▸ Work instructions:
Copy out all lines in the data below containing the string "that".

▸ Given data:
-*-

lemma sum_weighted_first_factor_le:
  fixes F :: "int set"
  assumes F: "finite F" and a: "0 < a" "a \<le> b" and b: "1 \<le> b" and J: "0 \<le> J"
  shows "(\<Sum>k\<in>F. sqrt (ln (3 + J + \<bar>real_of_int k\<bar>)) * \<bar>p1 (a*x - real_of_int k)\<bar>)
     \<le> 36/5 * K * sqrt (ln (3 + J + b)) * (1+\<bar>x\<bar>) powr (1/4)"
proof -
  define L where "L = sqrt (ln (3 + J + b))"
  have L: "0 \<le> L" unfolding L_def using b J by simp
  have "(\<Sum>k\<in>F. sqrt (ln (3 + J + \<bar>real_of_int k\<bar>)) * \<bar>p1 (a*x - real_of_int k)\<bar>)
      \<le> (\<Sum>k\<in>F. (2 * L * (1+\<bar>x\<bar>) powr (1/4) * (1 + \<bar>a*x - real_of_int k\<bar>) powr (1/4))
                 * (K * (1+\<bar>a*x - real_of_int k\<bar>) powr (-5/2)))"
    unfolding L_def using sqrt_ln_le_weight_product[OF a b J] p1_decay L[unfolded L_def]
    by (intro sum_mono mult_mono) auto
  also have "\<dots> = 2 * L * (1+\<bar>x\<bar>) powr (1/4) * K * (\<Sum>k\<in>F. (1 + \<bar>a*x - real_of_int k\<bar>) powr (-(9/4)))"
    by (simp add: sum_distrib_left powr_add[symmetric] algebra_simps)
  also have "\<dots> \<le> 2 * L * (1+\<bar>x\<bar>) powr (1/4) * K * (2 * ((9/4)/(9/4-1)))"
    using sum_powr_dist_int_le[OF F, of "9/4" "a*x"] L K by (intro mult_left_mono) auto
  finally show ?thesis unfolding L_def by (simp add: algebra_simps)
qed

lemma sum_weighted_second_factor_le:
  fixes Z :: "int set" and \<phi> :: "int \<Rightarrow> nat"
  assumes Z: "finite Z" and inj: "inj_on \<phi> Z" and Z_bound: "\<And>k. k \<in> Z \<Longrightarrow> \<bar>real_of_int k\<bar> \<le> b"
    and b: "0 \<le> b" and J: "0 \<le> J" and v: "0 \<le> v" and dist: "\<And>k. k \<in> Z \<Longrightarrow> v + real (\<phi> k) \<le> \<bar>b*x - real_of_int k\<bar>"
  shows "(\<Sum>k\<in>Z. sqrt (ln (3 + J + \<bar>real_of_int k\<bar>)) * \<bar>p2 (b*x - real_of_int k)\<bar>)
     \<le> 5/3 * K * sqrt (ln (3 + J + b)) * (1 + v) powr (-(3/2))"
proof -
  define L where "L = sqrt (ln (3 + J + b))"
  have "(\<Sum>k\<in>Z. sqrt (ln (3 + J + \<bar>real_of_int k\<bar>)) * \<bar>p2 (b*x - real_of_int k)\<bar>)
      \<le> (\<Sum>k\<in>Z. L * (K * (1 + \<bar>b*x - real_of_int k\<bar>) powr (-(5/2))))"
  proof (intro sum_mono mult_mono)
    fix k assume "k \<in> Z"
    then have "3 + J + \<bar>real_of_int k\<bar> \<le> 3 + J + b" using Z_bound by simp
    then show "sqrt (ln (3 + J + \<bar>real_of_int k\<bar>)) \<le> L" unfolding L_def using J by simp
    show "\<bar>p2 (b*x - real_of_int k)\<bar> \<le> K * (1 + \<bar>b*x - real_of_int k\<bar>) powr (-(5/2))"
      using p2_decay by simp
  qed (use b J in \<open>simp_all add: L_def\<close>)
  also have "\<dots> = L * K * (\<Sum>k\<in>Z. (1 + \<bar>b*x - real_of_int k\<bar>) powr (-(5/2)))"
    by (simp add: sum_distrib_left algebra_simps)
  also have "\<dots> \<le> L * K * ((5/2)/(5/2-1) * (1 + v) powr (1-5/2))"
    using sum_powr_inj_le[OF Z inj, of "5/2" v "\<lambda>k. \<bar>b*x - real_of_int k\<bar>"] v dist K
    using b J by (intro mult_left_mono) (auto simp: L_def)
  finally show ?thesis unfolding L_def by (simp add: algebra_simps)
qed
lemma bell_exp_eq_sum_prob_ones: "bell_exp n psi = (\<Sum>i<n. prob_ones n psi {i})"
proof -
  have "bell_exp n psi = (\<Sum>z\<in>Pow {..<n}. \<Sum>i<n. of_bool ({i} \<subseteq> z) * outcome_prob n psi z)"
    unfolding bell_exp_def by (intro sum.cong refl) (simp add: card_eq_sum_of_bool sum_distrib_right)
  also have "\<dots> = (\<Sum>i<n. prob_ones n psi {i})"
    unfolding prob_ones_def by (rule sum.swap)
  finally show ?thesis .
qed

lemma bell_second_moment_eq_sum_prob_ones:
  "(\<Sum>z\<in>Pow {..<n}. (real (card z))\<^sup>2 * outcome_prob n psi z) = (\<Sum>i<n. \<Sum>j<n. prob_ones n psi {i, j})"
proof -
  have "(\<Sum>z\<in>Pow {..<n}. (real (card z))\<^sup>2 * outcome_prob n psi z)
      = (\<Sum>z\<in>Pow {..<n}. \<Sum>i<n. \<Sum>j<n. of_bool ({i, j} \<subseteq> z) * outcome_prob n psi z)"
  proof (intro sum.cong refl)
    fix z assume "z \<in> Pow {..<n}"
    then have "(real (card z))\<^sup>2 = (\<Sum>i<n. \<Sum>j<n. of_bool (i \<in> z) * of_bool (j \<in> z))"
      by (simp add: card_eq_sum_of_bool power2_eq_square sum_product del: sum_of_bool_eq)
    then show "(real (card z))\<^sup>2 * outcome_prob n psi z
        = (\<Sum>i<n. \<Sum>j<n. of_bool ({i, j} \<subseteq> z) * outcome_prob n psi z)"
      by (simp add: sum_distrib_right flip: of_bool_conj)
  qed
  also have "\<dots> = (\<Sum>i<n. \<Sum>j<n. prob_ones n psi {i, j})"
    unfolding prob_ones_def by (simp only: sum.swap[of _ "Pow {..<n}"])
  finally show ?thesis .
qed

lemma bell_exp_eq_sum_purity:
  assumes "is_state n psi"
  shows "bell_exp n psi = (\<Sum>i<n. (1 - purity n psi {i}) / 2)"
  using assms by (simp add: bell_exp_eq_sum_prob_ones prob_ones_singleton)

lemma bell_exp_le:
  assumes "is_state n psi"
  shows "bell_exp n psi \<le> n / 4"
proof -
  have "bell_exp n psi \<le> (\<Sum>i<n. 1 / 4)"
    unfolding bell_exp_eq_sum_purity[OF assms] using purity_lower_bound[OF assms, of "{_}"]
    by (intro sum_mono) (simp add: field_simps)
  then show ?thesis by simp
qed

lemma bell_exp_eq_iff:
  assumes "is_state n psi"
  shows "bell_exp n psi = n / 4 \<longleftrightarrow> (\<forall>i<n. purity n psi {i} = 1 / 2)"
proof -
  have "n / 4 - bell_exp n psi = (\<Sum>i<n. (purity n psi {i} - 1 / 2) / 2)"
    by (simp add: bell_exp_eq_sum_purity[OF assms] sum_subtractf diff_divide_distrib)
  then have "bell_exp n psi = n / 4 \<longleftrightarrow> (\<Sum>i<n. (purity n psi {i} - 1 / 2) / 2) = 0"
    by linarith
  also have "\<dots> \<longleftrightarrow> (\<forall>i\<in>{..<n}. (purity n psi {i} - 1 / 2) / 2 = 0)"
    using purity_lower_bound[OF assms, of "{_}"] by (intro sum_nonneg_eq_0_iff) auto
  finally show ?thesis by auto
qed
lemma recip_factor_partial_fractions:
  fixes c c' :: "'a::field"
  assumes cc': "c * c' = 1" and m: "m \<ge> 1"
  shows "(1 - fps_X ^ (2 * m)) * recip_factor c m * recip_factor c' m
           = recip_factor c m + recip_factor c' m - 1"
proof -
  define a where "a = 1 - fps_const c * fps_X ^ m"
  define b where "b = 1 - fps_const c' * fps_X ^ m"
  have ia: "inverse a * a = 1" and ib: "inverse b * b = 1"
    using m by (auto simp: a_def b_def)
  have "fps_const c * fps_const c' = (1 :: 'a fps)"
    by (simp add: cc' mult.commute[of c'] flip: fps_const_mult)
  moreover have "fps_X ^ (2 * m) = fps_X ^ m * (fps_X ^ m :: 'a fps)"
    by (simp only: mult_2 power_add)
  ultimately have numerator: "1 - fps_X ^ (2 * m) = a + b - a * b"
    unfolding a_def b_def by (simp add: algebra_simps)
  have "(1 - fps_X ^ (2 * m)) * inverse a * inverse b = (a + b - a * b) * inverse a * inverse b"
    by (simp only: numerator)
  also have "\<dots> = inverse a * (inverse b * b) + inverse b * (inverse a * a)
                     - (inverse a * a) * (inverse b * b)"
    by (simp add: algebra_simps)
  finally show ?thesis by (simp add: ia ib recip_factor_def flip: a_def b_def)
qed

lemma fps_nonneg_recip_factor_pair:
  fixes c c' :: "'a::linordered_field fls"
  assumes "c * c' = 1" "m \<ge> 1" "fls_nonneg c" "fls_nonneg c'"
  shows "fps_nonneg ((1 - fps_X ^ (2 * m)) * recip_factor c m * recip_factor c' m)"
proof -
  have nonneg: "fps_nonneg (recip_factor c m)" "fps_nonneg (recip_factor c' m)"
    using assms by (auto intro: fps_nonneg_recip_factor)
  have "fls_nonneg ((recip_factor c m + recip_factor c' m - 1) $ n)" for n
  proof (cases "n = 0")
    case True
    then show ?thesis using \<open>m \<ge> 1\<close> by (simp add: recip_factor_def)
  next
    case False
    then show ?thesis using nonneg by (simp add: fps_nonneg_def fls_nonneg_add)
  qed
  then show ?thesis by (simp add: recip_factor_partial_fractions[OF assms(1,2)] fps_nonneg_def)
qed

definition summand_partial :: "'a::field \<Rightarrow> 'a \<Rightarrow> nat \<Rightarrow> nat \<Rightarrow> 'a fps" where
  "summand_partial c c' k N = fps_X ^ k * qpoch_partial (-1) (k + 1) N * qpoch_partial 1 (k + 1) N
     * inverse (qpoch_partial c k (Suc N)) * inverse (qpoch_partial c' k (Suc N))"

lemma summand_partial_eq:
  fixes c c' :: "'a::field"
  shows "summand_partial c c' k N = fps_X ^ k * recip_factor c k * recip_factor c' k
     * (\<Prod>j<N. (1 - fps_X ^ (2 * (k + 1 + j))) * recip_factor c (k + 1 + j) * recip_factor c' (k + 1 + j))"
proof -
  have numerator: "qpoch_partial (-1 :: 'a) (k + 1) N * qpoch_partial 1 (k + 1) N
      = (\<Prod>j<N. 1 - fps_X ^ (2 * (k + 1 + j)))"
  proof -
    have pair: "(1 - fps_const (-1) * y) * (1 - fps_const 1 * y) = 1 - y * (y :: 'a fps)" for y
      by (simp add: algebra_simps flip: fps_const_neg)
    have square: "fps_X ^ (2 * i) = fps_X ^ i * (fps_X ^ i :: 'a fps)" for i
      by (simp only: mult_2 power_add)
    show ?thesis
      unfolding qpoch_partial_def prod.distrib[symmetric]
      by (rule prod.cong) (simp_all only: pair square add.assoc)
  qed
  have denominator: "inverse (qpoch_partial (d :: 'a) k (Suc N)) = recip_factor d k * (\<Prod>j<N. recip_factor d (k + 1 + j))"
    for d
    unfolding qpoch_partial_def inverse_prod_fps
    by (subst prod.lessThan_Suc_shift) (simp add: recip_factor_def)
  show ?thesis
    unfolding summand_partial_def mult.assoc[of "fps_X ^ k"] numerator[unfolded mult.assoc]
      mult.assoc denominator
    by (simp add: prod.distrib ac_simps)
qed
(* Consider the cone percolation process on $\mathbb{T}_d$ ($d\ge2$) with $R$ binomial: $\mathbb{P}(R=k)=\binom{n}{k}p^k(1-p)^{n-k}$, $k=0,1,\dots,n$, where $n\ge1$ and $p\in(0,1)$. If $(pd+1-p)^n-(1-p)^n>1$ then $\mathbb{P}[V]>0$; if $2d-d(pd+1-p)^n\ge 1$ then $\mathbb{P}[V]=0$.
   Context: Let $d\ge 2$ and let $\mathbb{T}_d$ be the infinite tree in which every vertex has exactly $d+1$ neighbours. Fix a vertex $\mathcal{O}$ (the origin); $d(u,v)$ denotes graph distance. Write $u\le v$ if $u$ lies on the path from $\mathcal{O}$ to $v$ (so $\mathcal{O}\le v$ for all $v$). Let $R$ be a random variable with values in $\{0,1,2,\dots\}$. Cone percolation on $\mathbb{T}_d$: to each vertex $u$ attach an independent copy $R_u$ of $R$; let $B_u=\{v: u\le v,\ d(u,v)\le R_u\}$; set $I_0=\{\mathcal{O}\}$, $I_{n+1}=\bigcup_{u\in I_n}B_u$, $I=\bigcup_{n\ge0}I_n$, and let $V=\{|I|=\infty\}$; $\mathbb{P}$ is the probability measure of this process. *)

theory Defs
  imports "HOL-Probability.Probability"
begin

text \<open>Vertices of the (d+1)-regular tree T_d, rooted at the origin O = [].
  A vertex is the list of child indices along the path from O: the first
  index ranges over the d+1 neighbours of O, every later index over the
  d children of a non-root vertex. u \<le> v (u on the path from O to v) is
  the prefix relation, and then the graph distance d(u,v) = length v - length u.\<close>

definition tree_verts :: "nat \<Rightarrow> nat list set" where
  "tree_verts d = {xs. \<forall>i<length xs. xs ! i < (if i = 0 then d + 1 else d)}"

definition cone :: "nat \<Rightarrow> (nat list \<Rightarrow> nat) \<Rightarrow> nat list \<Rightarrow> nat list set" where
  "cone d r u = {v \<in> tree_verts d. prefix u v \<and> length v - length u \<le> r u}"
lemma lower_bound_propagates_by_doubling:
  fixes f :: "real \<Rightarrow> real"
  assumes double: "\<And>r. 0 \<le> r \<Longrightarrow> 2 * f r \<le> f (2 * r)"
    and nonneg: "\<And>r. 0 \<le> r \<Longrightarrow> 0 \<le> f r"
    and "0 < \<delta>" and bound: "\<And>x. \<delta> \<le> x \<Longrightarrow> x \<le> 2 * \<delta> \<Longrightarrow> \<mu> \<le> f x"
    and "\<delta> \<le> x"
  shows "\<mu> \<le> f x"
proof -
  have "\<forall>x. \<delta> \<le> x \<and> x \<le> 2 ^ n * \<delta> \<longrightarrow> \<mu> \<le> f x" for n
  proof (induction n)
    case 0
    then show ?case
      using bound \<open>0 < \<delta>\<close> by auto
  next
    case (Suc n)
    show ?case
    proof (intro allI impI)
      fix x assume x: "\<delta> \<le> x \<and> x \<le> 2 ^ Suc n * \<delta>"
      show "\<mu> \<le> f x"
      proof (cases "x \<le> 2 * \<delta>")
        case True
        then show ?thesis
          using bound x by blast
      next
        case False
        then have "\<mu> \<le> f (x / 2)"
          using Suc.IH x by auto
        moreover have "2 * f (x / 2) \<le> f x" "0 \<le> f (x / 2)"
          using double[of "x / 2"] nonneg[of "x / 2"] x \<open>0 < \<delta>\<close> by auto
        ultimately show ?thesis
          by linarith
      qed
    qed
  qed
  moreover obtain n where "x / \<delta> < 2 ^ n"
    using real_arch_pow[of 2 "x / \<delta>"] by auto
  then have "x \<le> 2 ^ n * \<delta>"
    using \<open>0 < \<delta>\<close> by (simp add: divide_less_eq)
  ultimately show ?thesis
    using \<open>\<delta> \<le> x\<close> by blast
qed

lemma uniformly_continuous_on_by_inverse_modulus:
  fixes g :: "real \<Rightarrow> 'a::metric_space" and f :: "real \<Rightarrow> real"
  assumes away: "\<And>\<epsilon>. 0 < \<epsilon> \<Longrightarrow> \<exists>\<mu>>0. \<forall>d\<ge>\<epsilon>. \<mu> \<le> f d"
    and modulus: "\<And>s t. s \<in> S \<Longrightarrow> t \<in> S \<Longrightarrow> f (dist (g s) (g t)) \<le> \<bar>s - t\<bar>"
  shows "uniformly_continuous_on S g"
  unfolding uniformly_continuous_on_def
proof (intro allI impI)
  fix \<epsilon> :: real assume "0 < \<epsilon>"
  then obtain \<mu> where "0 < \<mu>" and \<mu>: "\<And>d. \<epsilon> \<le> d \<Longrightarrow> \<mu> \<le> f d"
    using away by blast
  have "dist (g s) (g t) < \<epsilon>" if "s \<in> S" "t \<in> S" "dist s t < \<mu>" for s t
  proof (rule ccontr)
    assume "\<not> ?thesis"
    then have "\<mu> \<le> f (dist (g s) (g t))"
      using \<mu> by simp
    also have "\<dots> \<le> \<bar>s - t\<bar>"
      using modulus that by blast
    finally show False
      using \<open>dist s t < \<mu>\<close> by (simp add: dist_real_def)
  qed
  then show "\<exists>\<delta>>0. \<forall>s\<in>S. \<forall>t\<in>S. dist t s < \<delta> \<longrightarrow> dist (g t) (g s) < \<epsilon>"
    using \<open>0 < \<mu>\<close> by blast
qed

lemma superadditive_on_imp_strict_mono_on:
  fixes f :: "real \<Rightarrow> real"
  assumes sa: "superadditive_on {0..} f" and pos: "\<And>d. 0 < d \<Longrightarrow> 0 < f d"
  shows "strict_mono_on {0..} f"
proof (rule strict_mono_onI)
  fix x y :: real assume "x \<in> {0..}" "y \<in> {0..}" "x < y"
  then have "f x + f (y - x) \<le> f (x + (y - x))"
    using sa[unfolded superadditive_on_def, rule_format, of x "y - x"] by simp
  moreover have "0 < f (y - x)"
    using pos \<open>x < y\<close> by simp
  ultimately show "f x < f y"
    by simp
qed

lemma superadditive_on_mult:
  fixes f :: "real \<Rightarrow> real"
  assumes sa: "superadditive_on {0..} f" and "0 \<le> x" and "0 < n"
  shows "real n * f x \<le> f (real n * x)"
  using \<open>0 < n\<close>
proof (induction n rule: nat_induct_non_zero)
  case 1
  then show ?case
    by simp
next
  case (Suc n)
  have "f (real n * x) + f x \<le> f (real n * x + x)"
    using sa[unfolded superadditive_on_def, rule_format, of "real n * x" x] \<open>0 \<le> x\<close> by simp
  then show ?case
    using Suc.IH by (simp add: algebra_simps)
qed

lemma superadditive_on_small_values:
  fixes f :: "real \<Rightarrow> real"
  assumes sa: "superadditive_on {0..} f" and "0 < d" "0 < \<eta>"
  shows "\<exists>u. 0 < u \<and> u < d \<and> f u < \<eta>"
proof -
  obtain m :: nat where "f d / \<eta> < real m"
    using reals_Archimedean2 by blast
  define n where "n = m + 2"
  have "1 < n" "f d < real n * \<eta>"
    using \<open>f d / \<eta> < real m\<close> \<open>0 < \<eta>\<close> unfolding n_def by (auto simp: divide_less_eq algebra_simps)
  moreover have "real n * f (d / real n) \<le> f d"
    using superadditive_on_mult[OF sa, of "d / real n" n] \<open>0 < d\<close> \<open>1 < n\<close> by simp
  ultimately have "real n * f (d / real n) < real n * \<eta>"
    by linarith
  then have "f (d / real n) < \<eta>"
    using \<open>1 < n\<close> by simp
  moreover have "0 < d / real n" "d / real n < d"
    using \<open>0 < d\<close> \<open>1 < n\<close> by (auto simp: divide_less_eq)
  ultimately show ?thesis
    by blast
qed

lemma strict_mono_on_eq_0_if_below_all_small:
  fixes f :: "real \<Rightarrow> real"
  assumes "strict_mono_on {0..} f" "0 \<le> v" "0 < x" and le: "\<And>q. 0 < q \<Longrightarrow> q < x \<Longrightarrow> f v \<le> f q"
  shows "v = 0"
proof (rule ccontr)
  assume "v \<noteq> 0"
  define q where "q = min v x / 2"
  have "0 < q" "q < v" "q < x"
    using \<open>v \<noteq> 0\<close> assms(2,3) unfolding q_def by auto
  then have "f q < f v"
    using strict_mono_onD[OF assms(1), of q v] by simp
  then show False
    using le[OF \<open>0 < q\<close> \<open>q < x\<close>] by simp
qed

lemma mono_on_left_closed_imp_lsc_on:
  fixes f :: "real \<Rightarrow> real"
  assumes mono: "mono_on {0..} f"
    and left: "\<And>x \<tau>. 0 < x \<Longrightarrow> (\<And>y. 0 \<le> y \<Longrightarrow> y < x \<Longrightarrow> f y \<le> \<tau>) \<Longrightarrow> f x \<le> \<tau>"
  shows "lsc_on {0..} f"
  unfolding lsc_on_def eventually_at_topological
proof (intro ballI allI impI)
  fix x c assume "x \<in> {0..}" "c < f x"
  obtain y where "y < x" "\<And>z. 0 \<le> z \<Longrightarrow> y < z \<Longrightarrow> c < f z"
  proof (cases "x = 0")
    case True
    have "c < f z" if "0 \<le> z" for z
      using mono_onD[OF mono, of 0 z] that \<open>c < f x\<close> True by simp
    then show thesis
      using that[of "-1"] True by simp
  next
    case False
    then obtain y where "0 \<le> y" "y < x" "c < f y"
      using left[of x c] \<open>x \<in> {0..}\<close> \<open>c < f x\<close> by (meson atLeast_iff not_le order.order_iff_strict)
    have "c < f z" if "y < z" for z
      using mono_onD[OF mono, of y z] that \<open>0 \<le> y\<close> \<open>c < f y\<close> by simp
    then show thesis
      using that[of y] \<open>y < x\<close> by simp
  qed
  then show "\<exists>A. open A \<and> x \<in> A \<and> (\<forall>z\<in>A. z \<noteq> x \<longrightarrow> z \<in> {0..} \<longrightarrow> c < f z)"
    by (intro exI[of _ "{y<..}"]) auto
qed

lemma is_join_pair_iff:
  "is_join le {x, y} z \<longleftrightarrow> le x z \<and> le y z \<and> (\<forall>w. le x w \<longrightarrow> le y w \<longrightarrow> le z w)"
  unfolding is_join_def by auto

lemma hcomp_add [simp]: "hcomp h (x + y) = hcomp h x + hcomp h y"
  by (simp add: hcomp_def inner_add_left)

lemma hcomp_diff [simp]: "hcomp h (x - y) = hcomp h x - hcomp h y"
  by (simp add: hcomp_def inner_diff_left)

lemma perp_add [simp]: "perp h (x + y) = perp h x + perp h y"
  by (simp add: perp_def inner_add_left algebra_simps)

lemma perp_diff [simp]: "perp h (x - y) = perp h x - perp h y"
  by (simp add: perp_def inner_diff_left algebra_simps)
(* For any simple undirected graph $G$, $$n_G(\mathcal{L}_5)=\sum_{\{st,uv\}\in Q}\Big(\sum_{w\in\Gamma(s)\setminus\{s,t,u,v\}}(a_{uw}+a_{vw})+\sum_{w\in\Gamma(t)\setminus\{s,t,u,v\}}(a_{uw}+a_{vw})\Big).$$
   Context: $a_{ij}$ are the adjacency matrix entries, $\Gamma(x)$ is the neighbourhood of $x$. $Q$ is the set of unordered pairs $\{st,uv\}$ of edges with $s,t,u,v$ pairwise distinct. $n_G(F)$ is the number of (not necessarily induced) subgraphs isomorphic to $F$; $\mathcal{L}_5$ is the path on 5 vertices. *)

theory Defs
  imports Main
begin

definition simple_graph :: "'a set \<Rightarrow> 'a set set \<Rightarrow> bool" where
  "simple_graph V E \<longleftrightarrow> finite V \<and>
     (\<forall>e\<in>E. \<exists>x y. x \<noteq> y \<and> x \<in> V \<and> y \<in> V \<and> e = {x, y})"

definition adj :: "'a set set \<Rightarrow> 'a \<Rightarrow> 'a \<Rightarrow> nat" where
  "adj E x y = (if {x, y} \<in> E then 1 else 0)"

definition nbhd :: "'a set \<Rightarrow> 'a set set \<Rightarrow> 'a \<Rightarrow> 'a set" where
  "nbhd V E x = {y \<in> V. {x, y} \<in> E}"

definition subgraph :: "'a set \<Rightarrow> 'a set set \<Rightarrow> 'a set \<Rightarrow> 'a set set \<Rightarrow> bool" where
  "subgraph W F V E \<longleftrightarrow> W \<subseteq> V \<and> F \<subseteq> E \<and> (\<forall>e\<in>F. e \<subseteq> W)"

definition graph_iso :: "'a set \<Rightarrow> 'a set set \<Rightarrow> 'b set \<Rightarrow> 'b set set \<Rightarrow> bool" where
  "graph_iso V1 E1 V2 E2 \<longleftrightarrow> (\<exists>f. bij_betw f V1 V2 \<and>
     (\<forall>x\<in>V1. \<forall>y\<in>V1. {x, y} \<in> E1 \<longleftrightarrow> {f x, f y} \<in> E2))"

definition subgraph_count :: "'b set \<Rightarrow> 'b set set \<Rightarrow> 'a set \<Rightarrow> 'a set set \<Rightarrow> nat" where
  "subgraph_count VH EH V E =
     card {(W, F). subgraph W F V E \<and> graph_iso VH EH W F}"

-*-

▸ Solved exercise:
      using modulus that by blast
      using mono_onD[OF mono, of 0 z] that \<open>c < f x\<close> True by simp
      using that[of "-1"] True by simp
      using mono_onD[OF mono, of y z] that \<open>0 \<le> y\<close> \<open>c < f y\<close> by simp
      using that[of y] \<open>y < x\<close> by simp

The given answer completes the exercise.